◆ **YOUR ASSIGNMENT**
Once the line with "by (simp add: fps_compose_power" is found in the entries below, repeat it and each following line exactly, up to and including the line with "(4 * (fps_X". Add no other lines.

- - - - - - -

lemma catalan_fps_sqrt: "(1 - 2 * fps_X * catalan_fps) ^ 2 = (1 - 4 * fps_X :: 'a :: field_char_0 fps)"
proof -
  have X2: "2 * fps_X * catalan_fps = fps_X * (fps_const 2 * (catalan_fps :: 'a fps))"
    by (simp add: numeral_fps_const mult_ac)
  have "1 - 2 * fps_X * catalan_fps = (Abs_fps (\<lambda>n. (-4) ^ n * (1/2 gchoose n)) :: 'a fps)"
  proof (rule fps_ext)
    fix n
    show "fps_nth (1 - 2 * fps_X * catalan_fps) n = fps_nth (Abs_fps (\<lambda>n. (-4) ^ n * (1/2 gchoose n)) :: 'a fps) n"
      using gbinomial_half_Suc[of "n - 1", where 'a='a]
      unfolding X2 by (cases n) (simp_all add: catalan_fps_def mult.commute)
  qed
  also have "\<dots> = fps_binomial (1/2) oo (fps_const (-4) * fps_X)"
    by (simp add: fps_compose_linear fps_binomial_def)
  finally have "1 - 2 * fps_X * catalan_fps = fps_binomial (1/2 :: 'a) oo (fps_const (-4) * fps_X)" .
  moreover have "fps_binomial (1/2 :: 'a) ^ 2 = fps_binomial 1"
    by (simp add: power2_eq_square flip: fps_binomial_add_mult)
  moreover have "fps_binomial (1 :: 'a) = 1 + fps_X"
    using fps_binomial_of_nat[of 1] by simp
  ultimately show ?thesis
    by (simp add: fps_compose_power fps_compose_add_distrib numeral_fps_const)
qed

lemma catalan_fps_quadratic: "fps_X * catalan_fps ^ 2 = catalan_fps - (1 :: 'a :: field_char_0 fps)"
proof -
  have "fps_X * (4 * (fps_X * catalan_fps ^ 2 - catalan_fps + 1)) = (0 :: 'a fps)"
    using catalan_fps_sqrt by (simp add: algebra_simps power2_eq_square)
  then have "fps_X * catalan_fps ^ 2 - catalan_fps + 1 = (0 :: 'a fps)"
    by (metis mult_eq_0_iff numeral_neq_fps_zero fps_X_neq_zero)
  then show ?thesis by (simp add: algebra_simps eq_diff_eq)
qed

text \<open>The case \<open>r = 0\<close> is separate: there the closed form degenerates to \<open>0/0\<close> at \<open>m = 0\<close>.\<close>

definition ballot :: "nat \<Rightarrow> nat \<Rightarrow> 'a :: field_char_0" where
  "ballot r m = (if r = 0 then of_bool (m = 0)
                 else of_nat r / of_nat (2*m + r) * of_nat (2*m + r choose m))"

lemma ballot_Suc_Suc: "ballot (r + 2) m = ballot (r + 1) (m + 1) - (ballot r (m + 1) :: 'a :: field_char_0)"
proof -
  define N where "N = 2*m + r + 2"
  define b :: 'a where "b = of_nat (N choose m)"
  have N: "2*m + (r + 2) = N" "2*(m + 1) + (r + 1) = Suc N" "2*(m + 1) + r = N"
    by (simp_all add: N_def)
  have "Suc m * (Suc N choose Suc m) = Suc N * (N choose m)"
    by (rule Suc_times_binomial)
  then have up: "of_nat (Suc N choose Suc m) = of_nat (Suc N) * b / of_nat (Suc m)"
    unfolding b_def by (simp add: field_simps del: of_nat_Suc flip: of_nat_mult)
  have "Suc m * (N choose Suc m) = (m + r + 2) * (N choose m)"
    unfolding Suc_times_binomial_Suc N_def by simp
  then have right: "of_nat (N choose Suc m) = of_nat (m + r + 2) * b / of_nat (Suc m)"
    unfolding b_def by (simp add: field_simps del: of_nat_Suc flip: of_nat_mult)
  have nz: "(of_nat N :: 'a) \<noteq> 0" "(of_nat (Suc N) :: 'a) \<noteq> 0" "(of_nat (Suc m) :: 'a) \<noteq> 0"
    by (simp_all only: of_nat_eq_0_iff) (simp_all add: N_def)
  have "ballot (r + 1) (m + 1) - ballot r (m + 1)
      = of_nat (r + 1) / of_nat (Suc N) * of_nat (Suc N choose Suc m)
        - of_nat r / of_nat N * (of_nat (N choose Suc m) :: 'a)"
    unfolding ballot_def N by simp
  also have "\<dots> = of_nat (r + 2) / of_nat N * b"
    unfolding up right using nz by (simp add: field_simps del: of_nat_Suc) (simp add: N_def algebra_simps)
  also have "\<dots> = ballot (r + 2) m"
    unfolding ballot_def N b_def by simp
  finally show ?thesis ..
qed
lemma mult_eln_enn2ereal_le:
  assumes "x \<le> ennreal M" and "0 < M" and "0 < n"
  shows "ereal (1 / n) * eln (enn2ereal x) \<le> ereal (ln M / n)"
proof -
  have "enn2ereal x \<le> ereal M"
    using assms(1,2) by (metis enn2ereal_ennreal less_eq_ennreal.rep_eq less_imp_le)
  then have "ereal (1 / n) * eln (enn2ereal x) \<le> ereal (1 / n) * eln (ereal M)"
    using assms(3) by (intro ereal_mult_left_mono eln_mono) auto
  also have "\<dots> = ereal (ln M / n)" using assms(2) by (simp add: eln_ereal)
  finally show ?thesis .
qed

context
  fixes S :: "'w measure" and P :: "'a::euclidean_space \<Rightarrow> 'w measure"
    and Z :: "real \<Rightarrow> 'w \<Rightarrow> 'a" and E :: "'a set"
    and T c r \<delta>\<^sub>0 \<epsilon>\<^sub>0 :: real
  assumes proc: "strong_markov_cadlag S P Z E"
    and T_pos: "0 < T" and c_pos: "0 < c" and r_pos: "0 < r"
    and \<delta>\<^sub>0_pos: "0 < \<delta>\<^sub>0" and \<epsilon>\<^sub>0_pos: "0 < \<epsilon>\<^sub>0"
    and decay: "\<And>\<epsilon> z. 0 < \<epsilon> \<Longrightarrow> \<epsilon> < \<epsilon>\<^sub>0 \<Longrightarrow> z \<in> E \<Longrightarrow> norm (\<epsilon> *\<^sub>R z) < \<delta>\<^sub>0 \<Longrightarrow>
       measure (P z) {\<omega>\<in>space S. \<epsilon> *\<^sub>R Z (T / \<epsilon>) \<omega> \<in> cball 0 r} \<le> exp (- c / \<epsilon>)"
begin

- - - - - - -

◆ **SOLUTION TO THE EXERCISE**
    by (simp add: fps_compose_power fps_compose_add_distrib numeral_fps_const)
qed

lemma catalan_fps_quadratic: "fps_X * catalan_fps ^ 2 = catalan_fps - (1 :: 'a :: field_char_0 fps)"
proof -
  have "fps_X * (4 * (fps_X * catalan_fps ^ 2 - catalan_fps + 1)) = (0 :: 'a fps)"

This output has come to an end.